***** TASK INPUTS *****

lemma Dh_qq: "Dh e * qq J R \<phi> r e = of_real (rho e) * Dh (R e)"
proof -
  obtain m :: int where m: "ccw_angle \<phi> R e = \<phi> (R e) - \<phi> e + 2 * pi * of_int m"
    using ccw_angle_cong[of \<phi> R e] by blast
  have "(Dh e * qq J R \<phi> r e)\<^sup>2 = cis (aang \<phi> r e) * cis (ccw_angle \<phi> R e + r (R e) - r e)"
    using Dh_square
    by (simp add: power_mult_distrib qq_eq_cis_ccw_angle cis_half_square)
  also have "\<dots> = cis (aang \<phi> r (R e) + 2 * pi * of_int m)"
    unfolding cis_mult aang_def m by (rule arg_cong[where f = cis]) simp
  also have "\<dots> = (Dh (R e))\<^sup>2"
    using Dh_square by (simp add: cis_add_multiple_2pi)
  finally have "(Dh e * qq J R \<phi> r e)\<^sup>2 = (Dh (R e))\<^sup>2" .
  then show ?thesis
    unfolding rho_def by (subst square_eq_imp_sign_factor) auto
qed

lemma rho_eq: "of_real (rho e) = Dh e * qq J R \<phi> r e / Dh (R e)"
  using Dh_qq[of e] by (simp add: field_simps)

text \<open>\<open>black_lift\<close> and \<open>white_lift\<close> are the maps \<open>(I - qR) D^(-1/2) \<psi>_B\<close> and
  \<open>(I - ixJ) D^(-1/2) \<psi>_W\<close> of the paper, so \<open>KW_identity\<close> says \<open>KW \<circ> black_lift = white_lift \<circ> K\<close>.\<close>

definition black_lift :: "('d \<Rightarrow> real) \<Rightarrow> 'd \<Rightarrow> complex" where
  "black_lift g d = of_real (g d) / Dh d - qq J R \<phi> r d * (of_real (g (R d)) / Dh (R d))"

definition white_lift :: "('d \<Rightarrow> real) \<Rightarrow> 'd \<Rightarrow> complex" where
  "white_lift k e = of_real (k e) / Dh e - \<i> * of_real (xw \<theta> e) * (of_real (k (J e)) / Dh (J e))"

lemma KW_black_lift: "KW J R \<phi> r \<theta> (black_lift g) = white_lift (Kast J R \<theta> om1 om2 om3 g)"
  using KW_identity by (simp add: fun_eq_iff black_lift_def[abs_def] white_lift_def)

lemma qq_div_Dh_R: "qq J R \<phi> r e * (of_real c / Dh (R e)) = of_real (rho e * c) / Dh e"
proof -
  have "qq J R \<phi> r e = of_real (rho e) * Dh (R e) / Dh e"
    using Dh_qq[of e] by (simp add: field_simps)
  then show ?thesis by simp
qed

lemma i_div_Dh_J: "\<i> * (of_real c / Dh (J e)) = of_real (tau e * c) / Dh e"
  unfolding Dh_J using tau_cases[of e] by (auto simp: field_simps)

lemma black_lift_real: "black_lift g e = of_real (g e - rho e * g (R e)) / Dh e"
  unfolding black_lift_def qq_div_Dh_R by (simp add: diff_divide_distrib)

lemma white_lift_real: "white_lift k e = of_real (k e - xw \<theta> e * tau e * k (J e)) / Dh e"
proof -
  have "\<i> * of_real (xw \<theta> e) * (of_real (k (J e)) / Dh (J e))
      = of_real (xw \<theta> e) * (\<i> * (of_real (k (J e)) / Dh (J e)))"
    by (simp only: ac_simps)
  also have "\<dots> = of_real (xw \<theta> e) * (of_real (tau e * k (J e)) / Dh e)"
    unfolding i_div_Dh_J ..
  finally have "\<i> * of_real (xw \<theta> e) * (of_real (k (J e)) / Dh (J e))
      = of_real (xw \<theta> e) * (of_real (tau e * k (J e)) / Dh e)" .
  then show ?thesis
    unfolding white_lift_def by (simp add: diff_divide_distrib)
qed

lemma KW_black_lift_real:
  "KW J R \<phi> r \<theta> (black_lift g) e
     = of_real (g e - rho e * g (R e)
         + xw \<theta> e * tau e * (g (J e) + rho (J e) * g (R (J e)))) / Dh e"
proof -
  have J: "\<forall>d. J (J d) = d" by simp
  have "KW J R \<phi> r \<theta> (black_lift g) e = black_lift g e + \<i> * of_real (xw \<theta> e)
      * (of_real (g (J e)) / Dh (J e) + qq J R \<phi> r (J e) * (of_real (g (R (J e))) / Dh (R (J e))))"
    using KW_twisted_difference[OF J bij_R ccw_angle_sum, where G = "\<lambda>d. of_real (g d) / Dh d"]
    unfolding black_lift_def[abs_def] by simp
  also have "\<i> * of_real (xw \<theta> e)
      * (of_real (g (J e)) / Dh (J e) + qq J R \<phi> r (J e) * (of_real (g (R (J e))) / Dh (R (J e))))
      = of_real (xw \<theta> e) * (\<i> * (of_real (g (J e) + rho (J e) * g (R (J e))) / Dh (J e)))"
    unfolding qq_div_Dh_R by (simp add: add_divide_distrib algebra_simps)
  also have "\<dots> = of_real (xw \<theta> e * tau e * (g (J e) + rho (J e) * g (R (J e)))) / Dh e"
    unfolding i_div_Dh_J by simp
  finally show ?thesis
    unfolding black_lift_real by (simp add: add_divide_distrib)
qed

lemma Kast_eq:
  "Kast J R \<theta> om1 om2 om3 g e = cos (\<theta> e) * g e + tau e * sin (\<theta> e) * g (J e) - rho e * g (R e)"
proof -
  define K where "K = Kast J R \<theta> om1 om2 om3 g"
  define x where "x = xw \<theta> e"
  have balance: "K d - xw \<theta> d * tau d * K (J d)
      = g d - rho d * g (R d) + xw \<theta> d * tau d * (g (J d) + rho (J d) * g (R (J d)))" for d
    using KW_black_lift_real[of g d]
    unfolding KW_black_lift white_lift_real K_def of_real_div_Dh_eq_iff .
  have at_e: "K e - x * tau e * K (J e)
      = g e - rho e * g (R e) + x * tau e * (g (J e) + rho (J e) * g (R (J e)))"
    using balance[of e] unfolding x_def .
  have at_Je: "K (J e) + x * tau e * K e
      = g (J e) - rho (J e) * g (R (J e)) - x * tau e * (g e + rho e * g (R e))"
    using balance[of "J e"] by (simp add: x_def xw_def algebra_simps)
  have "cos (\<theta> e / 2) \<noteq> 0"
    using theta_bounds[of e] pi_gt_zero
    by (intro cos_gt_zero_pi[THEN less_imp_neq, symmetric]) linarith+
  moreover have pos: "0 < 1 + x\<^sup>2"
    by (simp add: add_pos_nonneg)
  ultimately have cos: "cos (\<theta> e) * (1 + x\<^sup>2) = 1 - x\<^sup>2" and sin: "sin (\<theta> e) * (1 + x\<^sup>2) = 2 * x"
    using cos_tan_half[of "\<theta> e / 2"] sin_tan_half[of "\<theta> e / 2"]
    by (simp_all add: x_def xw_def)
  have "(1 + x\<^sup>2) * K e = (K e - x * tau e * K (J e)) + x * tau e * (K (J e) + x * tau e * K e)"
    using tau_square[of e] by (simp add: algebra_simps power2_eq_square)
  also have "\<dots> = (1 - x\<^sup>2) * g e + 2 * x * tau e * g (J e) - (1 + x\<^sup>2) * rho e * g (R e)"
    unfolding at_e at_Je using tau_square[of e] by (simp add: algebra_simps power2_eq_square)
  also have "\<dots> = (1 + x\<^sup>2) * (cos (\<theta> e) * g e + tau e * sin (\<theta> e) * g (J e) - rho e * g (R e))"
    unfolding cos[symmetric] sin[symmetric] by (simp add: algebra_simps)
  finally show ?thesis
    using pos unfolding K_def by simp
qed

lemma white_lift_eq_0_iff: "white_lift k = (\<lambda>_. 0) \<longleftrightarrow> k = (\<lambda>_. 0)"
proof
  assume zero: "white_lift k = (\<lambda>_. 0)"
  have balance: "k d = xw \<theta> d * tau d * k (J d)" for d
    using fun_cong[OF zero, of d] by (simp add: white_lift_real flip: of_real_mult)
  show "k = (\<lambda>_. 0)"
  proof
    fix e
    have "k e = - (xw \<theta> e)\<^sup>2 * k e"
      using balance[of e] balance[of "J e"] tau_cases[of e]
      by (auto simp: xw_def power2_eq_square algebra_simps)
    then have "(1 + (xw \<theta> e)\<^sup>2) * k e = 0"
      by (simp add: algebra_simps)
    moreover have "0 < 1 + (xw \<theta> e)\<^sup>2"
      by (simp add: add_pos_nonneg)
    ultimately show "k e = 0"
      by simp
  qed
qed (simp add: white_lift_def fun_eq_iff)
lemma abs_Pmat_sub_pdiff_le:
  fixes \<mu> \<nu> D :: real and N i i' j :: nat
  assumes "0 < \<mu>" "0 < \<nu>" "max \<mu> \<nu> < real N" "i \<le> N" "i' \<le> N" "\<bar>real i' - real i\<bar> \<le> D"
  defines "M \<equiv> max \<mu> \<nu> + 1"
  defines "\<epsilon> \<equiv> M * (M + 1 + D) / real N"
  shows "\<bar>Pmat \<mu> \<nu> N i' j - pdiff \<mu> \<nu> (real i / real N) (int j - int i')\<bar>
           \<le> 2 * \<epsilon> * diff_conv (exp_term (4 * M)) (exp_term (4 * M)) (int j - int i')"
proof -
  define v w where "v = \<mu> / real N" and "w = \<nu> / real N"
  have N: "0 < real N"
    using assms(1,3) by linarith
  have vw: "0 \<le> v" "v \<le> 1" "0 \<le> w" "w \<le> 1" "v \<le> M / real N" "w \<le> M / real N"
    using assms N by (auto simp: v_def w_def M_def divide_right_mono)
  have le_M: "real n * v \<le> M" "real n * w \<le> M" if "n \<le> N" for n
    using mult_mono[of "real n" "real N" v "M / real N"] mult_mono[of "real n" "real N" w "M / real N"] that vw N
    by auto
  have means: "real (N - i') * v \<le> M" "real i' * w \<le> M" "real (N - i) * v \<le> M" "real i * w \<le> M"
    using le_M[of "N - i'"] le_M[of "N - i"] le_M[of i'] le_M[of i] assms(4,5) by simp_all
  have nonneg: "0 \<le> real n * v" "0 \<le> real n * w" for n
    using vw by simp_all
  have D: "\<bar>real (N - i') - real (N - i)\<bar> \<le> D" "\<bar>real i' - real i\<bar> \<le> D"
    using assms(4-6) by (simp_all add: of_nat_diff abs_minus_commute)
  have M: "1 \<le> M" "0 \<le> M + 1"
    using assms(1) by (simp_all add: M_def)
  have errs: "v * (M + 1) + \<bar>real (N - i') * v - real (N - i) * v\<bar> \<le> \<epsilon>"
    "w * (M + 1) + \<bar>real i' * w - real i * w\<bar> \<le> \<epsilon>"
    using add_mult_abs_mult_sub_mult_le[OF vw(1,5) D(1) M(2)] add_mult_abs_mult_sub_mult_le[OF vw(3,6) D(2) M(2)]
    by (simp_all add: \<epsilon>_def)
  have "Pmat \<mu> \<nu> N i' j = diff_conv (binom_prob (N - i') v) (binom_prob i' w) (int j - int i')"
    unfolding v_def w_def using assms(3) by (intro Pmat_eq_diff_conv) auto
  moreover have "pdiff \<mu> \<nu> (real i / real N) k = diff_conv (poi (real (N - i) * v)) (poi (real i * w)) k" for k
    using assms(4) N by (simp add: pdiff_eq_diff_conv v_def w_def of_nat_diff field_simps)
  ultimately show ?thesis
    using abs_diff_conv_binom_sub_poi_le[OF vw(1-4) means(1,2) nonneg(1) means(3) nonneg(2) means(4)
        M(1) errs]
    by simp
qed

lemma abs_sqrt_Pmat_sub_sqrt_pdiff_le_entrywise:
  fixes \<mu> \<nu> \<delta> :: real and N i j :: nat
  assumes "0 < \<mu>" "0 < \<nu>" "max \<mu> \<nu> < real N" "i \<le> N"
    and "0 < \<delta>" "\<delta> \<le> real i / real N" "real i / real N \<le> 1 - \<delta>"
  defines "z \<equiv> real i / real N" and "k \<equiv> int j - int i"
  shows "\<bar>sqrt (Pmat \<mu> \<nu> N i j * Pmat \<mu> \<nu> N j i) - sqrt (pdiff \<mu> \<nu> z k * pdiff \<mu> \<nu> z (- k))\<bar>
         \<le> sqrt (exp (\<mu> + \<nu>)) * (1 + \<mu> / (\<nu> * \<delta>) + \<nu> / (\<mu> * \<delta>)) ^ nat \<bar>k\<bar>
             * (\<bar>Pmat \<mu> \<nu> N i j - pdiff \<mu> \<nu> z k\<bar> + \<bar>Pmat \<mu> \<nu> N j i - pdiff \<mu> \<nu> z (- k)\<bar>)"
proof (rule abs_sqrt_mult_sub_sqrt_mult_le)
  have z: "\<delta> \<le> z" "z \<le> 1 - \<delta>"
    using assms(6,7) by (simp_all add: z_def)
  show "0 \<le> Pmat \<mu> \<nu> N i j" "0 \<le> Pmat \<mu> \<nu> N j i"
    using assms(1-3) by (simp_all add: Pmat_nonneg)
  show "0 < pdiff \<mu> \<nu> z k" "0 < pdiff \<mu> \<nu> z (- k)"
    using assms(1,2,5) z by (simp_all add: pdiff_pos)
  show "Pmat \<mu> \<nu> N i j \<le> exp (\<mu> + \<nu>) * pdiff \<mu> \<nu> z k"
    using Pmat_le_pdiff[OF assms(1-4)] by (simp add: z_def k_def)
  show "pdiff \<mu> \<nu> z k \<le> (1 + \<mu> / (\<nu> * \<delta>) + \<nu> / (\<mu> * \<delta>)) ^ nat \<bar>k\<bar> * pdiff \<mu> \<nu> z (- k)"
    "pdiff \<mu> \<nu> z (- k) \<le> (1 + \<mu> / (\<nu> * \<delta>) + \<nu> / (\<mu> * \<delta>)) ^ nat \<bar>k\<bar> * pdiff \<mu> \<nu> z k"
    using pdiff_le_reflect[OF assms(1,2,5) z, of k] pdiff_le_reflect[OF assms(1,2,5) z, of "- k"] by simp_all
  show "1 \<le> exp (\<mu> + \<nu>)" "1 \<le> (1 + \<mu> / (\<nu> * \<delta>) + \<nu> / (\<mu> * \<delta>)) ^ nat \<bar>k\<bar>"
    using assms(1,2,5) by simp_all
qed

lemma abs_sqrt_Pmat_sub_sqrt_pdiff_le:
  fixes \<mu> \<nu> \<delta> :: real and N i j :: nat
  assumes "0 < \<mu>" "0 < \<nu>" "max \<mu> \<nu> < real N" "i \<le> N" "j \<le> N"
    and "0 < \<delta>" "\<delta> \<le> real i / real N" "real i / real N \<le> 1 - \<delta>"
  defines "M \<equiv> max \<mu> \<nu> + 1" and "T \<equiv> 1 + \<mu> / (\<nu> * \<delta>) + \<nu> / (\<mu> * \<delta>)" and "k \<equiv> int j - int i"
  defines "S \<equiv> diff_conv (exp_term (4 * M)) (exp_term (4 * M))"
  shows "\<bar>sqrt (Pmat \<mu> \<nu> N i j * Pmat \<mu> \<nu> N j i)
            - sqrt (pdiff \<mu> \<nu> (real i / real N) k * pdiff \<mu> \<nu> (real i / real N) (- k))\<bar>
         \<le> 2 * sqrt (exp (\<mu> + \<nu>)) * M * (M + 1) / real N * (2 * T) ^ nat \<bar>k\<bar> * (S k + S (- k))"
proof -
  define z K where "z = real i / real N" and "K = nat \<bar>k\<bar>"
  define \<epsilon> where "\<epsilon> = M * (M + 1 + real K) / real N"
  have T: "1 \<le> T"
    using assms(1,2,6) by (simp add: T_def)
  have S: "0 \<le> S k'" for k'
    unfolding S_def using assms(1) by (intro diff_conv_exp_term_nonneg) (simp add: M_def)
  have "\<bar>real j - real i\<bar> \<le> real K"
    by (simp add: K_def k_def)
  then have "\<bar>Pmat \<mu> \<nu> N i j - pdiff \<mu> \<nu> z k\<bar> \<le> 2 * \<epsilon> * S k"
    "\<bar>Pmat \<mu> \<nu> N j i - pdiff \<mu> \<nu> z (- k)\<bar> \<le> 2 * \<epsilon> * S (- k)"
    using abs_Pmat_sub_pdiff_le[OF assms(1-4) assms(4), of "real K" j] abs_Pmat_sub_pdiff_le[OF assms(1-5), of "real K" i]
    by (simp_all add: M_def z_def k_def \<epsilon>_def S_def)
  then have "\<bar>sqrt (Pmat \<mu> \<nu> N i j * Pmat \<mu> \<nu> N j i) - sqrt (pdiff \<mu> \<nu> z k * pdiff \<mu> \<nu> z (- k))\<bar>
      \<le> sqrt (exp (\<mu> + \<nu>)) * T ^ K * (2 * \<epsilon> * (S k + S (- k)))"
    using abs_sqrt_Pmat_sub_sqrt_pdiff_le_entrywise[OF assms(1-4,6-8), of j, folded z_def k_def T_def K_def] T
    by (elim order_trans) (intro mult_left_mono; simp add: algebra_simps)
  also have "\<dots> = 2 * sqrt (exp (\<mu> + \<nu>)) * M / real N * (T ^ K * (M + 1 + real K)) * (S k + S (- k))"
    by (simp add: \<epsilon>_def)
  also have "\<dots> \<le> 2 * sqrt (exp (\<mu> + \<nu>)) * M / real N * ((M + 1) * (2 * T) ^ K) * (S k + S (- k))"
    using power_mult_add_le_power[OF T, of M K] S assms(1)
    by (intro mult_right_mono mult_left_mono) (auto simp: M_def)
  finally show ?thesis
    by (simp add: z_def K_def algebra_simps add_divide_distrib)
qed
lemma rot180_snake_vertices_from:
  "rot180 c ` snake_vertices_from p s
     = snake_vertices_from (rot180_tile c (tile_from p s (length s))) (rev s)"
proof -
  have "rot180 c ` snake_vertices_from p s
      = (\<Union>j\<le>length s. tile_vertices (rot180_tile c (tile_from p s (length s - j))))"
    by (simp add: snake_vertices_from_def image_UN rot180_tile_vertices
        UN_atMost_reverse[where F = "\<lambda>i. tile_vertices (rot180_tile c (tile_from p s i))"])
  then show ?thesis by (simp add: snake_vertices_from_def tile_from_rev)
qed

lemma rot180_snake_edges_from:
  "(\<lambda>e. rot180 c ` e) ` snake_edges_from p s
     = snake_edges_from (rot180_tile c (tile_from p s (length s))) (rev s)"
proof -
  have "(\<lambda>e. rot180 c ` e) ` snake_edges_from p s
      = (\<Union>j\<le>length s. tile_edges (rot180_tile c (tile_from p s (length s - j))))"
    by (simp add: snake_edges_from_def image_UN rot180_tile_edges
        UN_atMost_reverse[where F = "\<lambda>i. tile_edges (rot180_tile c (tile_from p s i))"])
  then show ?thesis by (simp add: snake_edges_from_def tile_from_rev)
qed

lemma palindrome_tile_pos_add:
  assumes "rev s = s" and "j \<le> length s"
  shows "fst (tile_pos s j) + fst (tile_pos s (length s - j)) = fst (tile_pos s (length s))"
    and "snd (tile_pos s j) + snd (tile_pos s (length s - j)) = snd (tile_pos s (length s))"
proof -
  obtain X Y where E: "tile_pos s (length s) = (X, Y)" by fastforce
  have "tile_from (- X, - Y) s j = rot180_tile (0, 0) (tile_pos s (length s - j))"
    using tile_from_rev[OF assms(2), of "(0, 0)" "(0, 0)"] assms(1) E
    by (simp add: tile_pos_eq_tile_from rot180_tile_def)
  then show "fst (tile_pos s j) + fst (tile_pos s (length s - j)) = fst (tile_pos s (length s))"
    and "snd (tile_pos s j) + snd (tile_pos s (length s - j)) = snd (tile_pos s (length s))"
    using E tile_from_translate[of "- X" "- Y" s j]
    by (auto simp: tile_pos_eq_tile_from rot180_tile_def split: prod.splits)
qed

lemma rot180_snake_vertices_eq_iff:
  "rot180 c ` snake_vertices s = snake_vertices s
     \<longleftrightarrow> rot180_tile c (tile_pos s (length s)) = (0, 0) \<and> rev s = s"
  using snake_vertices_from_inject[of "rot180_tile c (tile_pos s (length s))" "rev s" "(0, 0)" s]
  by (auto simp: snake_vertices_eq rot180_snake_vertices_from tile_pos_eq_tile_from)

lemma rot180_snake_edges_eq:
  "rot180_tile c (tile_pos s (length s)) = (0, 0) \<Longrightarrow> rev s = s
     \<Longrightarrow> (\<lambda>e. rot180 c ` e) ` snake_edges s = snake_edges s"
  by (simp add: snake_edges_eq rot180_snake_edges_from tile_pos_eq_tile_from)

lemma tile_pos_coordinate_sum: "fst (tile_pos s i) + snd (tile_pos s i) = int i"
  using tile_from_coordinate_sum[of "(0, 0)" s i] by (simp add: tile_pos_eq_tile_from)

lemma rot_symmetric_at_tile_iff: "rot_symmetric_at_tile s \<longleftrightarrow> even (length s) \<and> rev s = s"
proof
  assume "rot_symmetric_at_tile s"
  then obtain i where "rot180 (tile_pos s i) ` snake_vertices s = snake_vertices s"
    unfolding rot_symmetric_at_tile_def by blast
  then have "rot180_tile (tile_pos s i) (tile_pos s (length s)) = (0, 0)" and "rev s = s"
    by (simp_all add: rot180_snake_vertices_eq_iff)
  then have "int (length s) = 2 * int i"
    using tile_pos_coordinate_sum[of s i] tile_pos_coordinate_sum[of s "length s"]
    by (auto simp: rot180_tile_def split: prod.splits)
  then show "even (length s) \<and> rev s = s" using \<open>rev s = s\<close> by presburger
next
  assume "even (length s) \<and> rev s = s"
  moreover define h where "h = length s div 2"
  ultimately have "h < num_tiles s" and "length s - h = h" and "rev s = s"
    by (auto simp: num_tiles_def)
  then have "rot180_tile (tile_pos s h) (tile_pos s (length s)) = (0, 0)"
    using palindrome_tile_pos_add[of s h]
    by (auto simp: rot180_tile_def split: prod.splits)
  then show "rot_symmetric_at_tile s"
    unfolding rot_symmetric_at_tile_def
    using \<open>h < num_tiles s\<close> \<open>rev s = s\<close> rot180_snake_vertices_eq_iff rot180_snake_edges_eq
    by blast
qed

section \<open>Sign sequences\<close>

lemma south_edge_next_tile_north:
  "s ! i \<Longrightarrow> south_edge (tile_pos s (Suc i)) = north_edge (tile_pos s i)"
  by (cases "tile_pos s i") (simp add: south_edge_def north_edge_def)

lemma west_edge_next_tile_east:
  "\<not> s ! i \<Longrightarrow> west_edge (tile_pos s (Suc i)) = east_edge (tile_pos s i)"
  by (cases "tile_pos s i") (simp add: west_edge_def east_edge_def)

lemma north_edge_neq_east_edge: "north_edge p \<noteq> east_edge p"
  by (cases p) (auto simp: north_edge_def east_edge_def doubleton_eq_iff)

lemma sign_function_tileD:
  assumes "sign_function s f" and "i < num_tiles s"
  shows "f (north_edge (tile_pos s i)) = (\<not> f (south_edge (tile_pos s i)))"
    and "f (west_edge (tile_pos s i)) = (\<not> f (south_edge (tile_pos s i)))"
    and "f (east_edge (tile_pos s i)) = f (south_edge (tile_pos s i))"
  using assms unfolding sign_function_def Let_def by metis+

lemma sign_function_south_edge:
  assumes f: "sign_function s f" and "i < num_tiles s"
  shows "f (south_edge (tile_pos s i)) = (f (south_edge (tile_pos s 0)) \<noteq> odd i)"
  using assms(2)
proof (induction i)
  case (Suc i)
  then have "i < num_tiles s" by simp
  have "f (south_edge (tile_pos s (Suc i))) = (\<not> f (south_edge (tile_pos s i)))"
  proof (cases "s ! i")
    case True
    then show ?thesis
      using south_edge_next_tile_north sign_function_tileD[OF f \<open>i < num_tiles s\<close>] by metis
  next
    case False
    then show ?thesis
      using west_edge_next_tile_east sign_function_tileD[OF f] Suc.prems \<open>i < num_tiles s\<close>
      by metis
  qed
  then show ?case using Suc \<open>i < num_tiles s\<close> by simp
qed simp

*****

ASSIGNED TASK: Where a line of the records above holds the word "intro", copy that line.

COMPLETED TASK:
    by (intro cos_gt_zero_pi[THEN less_imp_neq, symmetric]) linarith+
    unfolding v_def w_def using assms(3) by (intro Pmat_eq_diff_conv) auto
    unfolding S_def using assms(1) by (intro diff_conv_exp_term_nonneg) (simp add: M_def)
    by (elim order_trans) (intro mult_left_mono; simp add: algebra_simps)
    by (intro mult_right_mono mult_left_mono) (auto simp: M_def)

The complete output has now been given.